Claude Joachim Lefèvre

Claude Joachim Lefèvre (Paris 1826-Paris 1896)[1] was a prominent French racehorse owner whose French racing operations were based at Chamant, L'Oise, where he built a model stud, and after 1870 also at Dangu in Normandy. In 1873 he set a record as a racehorse owner by winning 110 races in a season.[2]

Claude Joachim Lefèvre au grand galop, portrait c.1853/5 by Alfred de Dreux (1810-1860)

Career

He was a member of an ancient family seated at Chamant, near Senlis, L'Oise, and at the start of the 1850s entered on a brilliant career in business and in horse-breeding. At about this time a portrait was painted of him galloping on a horse, by Alfred de Dreux.[3] He made a fortune in South America in the 1860s and on his return to France purchased a 600 hectare estate at Chamant, L'Oise, where he built the Haras du Chamant a famous model stud which became a reference for French horse-breeding. In 1870 he leased[4] the Haras de Dangu stud in Normandy from the politician Comte Frédéric Lagrange (1815-1883),[5] where he bred Flageolet, "twice the leading sire in France and the first French-bred and owned stallion to head the sires list in England".[6]

In the early 1870s Lefèvre and Comte Frédéric Lagrange went into partnership for racing their horses in England, which lasted until 1878.[7] The partnership's main trainer was Tom Jennings at Phantom House Stables, on the Fordham Road in Newmarket, who had worked in France for Lagrange.[8] In the 1870s Jennings later established the "Lagrange Stables" on the Snailwell Road in Newmarket, named after his respected client.[9] In England in 1872 Lefèvre built a house which he named Bellevue, on the Bury Road in Newmarket (headquarters of the British horseracing industry) in Suffolk, in "a picturesque Italian style" and in 1873 set a record as a racehorse owner by winning 110 races in a season.[10] In 1883 he sold Bellevue to the Scottish aristocrat and millionaire William Stuart Stirling-Crawfurd (1819-1883), of Milton[11] in Lanarkshire, Scotland, a prominent racehorse owner who in 1850 had been elected a member of the Jockey Club,[12] the regulating body of British horseracing, whose wife was Caroline Agnes Horsley-Beresford (1818-1894), (Duchess of Montrose), a notable racehorse owner, a "wildly extravagant woman" who "strode across the racing scene".[13] The Duchess re-named it "Sefton Lodge" after Stirling-Crawfurd's 1878 Derby winner "Sefton".[14] It was a large house, with adjacent stables,[15] backing onto the Bury Side training grounds,[16] which in about 1883 was enlarged in the same style.[17]

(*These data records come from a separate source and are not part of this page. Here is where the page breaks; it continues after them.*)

text \<open>Coupling: applying \<open>T\<close> to every observation changes the sample only on the event that
  some covariate falls into \<open>U\<close>.\<close>

lemma measure_sample_law_distr_le:
  fixes P :: "('a::euclidean_space \<times> real) measure"
  assumes P: "prob_space P" and sP: "sets P = sets borel" and T: "T \<in> borel \<rightarrow>\<^sub>M borel"
    and U: "U \<in> sets borel" and T_id: "\<And>z. fst z \<notin> U \<Longrightarrow> T z = z"
    and G: "G \<in> sets (outcome_space n)"
  shows "measure (sample_law n (distr P borel T)) G \<le>
    measure (sample_law n P) G + real n * measure (marginal P) U"
proof -
  define Q where "Q = sample_law n P"
  define F where "F = (\<lambda>\<omega>::'a outcome. (compose {..<n} T (fst \<omega>), snd \<omega>))"
  define Hit where "Hit = (\<Union>i<n. {\<omega> \<in> space Q. fst (fst \<omega> i) \<in> U})"
  interpret Q: prob_space Q unfolding Q_def by (rule prob_space_sample_law[OF P])
  have sQ: "sets Q = sets (outcome_space n)" unfolding Q_def by (rule sets_sample_law[OF sP])
  have T_PiM: "compose {..<n} T \<in> (\<Pi>\<^sub>M i\<in>{..<n}. P) \<rightarrow>\<^sub>M (\<Pi>\<^sub>M i\<in>{..<n}. borel)"
    using T by (intro measurable_compose_PiM) (simp add: measurable_cong_sets[OF sP refl])
  have F: "F \<in> Q \<rightarrow>\<^sub>M outcome_space n"
    unfolding Q_def sample_law_def outcome_space_def F_def
    by (rule measurable_Pair) (auto intro!: measurable_compose[OF measurable_fst T_PiM] measurable_snd')
  have Hit: "Hit \<in> sets Q" and Hit_measure: "measure Q Hit \<le> real n * measure (marginal P) U"
    using measure_sample_law_hits_le[OF P sP U] by (simp_all add: Q_def Hit_def)
  have "F -` G \<inter> space Q \<subseteq> G \<union> Hit"
  proof
    fix \<omega> assume \<omega>: "\<omega> \<in> F -` G \<inter> space Q"
    show "\<omega> \<in> G \<union> Hit"
    proof (cases "\<omega> \<in> Hit")
      case False
      have "fst \<omega> \<in> space (\<Pi>\<^sub>M i\<in>{..<n}. P)"
        using \<omega> by (auto simp: Q_def space_sample_law_eq_Times)
      then have "fst \<omega> \<in> extensional {..<n}" by (simp add: space_PiM PiE_iff)
      moreover have "T (fst \<omega> i) = fst \<omega> i" if "i < n" for i
      proof (rule T_id)
        show "fst (fst \<omega> i) \<notin> U" using False \<omega> that by (auto simp: Hit_def)
      qed
      ultimately have "compose {..<n} T (fst \<omega>) = fst \<omega>"
        by (auto simp: compose_def extensional_def)
      then show ?thesis using \<omega> by (simp add: F_def)
    qed simp
  qed
  then have "measure Q (F -` G \<inter> space Q) \<le> measure Q (G \<union> Hit)"
    using G Hit sQ by (intro Q.finite_measure_mono) auto
  also have "\<dots> \<le> measure Q G + measure Q Hit"
    using G Hit sQ by (intro measure_Un_le) auto
  finally show ?thesis
    using sample_law_distr[OF P sP T] measure_distr[OF F G] Hit_measure by (simp add: Q_def F_def)
qed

His racing colours were "tricolor" (bleu, blanc rouge / red white and blue) and he had great successes with his horses including Henry, Dutch Skater, Flageolet, Mortemer, Chancellor, Verdure and Moissonneur in races including the Prix Gladiateur, Prix de Diane, Prix Rainbow in France and in many of the greatest English races,[18] including in 1872 the Oaks and 1000 Guineas with Reine and in 1883 the 1000 Guineas with Hauteur. In 1884 he made a partial dispersal of his stud, "selling youngsters, mares and horses in training for huge sums".[19] In 1888 he sold all his yearlings to Baron Rothschild, and in 1892 sold his remaining livestock and his famed Haras du Chamant to Mr A. Ménier.[20]

He was also a patron of the arts and many of the greatest artists of the age, including Harry Hall, Georges Arnull, Jean-Léon Gerome et Alfred de Dreux, visited him at Chamant to paint his portrait and those of his greatest horses.[21]